→ **What you need to do**: Set each line of the records down again exactly, please.

→ **Data under study**:
(* Let $C\in\mathbb{R}^{r\times n}$, $d\in\mathbb{R}^r$, where the system $Cx\ge d$ contains the constraints $x_j\ge0$ and $-x_j\ge-1$ for all $j\in[n]$, and let $\mathcal{X}=\{x\in\{0,1\}^n\mid Cx\ge d\}\ne\emptyset$. For $i\in[m]$ let $a_{i0}\in\mathbb{R}$, $a_i\in\mathbb{R}^n$ with $a_{i0}+a_i^\top x>0$ for all $x\in\mathcal{X}$, and \[ \mathcal{G}=\Bigl\{(\rho,y)=\bigl((\rho^i)_{i\in[m]},(y^i)_{i\in[m]}\bigr)\Bigm| x\in\mathcal{X},\ (\rho^i,y^i)=\frac{(1,x)}{a_{i0}+a_i^\top x}\ \text{for }i\in[m]\Bigr\}. \] For $k\in[n]$ let $\mathcal{R}^k=\{(\rho,y,u)\mid (\rho^i,y^i,u)\in\mathcal{R}^k_i\ \text{for all } i\in[m]\}$ (with $\mathcal{R}^k_i$ defined in the context). Then \[ \operatorname{proj}_{(\rho,y)}(\mathcal{R}^1)\supseteq\operatorname{proj}_{(\rho,y)}(\mathcal{R}^2)\supseteq\cdots\supseteq\operatorname{proj}_{(\rho,y)}(\mathcal{R}^n)=\operatorname{conv}(\mathcal{G}). \]
   Context: $\mathrm{RLT}_k(\mathcal{X})$: for each row $c_lx\ge d_l$ of $Cx\ge d$ and each pair of disjoint $S,T\subseteq[n]$ with $|S\cup T|=k$, expand $(c_lx-d_l)\prod_{s\in S}x_s\prod_{t\in T}(1-x_t)\ge0$, reduce to a multilinear polynomial using $x_j^2=x_j$, and replace each monomial $\prod_{j\in e}x_j$ ($e\ne\emptyset$) by a variable $z_e$ (the empty monomial is $1$); the variables are $z_e$ for $e\subseteq[n]$, $1\le|e|\le\min(k+1,n)$. For $\rho\ge0$, "$w\in\rho\,\mathrm{RLT}_k(\mathcal{X})$" means $w=(w_e)$ satisfies these linear inequalities with $z$ replaced by $w$ and every constant term multiplied by $\rho$. For $i\in[m]$, $\mathcal{R}^k_i$ is the set of $(\rho^i,y^i,u)\in\mathbb{R}\times\mathbb{R}^n\times\mathbb{R}^{\{S\subseteq[n]:1\le|S|\le k\}}$ such that there is $w^i$ with: $\rho^i\ge0$, $w^i\in\rho^i\,\mathrm{RLT}_k(\mathcal{X})$, $y^i_j=w^i_{\{j\}}$ for $j\in[n]$, $a_{i0}\rho^i+a_i^\top y^i=1$, and for every $S\subseteq[n]$ with $1\le|S|\le k$: $u_S=\bigl(a_{i0}+\sum_{j\in S}a_{ij}\bigr)w^i_S+\sum_{r\in[n]\setminus S}a_{ir}w^i_{S\cup\{r\}}$. ($u_S$ models $\prod_{j\in S}x_j$ and $w^i_S$ models $\prod_{j\in S}x_j/(a_{i0}+a_i^\top x)$.) *)

theory Defs
  imports "HOL-Analysis.Analysis"
begin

→ **Expected answer**:
(* Let $C\in\mathbb{R}^{r\times n}$, $d\in\mathbb{R}^r$, where the system $Cx\ge d$ contains the constraints $x_j\ge0$ and $-x_j\ge-1$ for all $j\in[n]$, and let $\mathcal{X}=\{x\in\{0,1\}^n\mid Cx\ge d\}\ne\emptyset$. For $i\in[m]$ let $a_{i0}\in\mathbb{R}$, $a_i\in\mathbb{R}^n$ with $a_{i0}+a_i^\top x>0$ for all $x\in\mathcal{X}$, and \[ \mathcal{G}=\Bigl\{(\rho,y)=\bigl((\rho^i)_{i\in[m]},(y^i)_{i\in[m]}\bigr)\Bigm| x\in\mathcal{X},\ (\rho^i,y^i)=\frac{(1,x)}{a_{i0}+a_i^\top x}\ \text{for }i\in[m]\Bigr\}. \] For $k\in[n]$ let $\mathcal{R}^k=\{(\rho,y,u)\mid (\rho^i,y^i,u)\in\mathcal{R}^k_i\ \text{for all } i\in[m]\}$ (with $\mathcal{R}^k_i$ defined in the context). Then \[ \operatorname{proj}_{(\rho,y)}(\mathcal{R}^1)\supseteq\operatorname{proj}_{(\rho,y)}(\mathcal{R}^2)\supseteq\cdots\supseteq\operatorname{proj}_{(\rho,y)}(\mathcal{R}^n)=\operatorname{conv}(\mathcal{G}). \]
   Context: $\mathrm{RLT}_k(\mathcal{X})$: for each row $c_lx\ge d_l$ of $Cx\ge d$ and each pair of disjoint $S,T\subseteq[n]$ with $|S\cup T|=k$, expand $(c_lx-d_l)\prod_{s\in S}x_s\prod_{t\in T}(1-x_t)\ge0$, reduce to a multilinear polynomial using $x_j^2=x_j$, and replace each monomial $\prod_{j\in e}x_j$ ($e\ne\emptyset$) by a variable $z_e$ (the empty monomial is $1$); the variables are $z_e$ for $e\subseteq[n]$, $1\le|e|\le\min(k+1,n)$. For $\rho\ge0$, "$w\in\rho\,\mathrm{RLT}_k(\mathcal{X})$" means $w=(w_e)$ satisfies these linear inequalities with $z$ replaced by $w$ and every constant term multiplied by $\rho$. For $i\in[m]$, $\mathcal{R}^k_i$ is the set of $(\rho^i,y^i,u)\in\mathbb{R}\times\mathbb{R}^n\times\mathbb{R}^{\{S\subseteq[n]:1\le|S|\le k\}}$ such that there is $w^i$ with: $\rho^i\ge0$, $w^i\in\rho^i\,\mathrm{RLT}_k(\mathcal{X})$, $y^i_j=w^i_{\{j\}}$ for $j\in[n]$, $a_{i0}\rho^i+a_i^\top y^i=1$, and for every $S\subseteq[n]$ with $1\le|S|\le k$: $u_S=\bigl(a_{i0}+\sum_{j\in S}a_{ij}\bigr)w^i_S+\sum_{r\in[n]\setminus S}a_{ir}w^i_{S\cup\{r\}}$. ($u_S$ models $\prod_{j\in S}x_j$ and $w^i_S$ models $\prod_{j\in S}x_j/(a_{i0}+a_i^\top x)$.) *)

theory Defs
  imports "HOL-Analysis.Analysis"
begin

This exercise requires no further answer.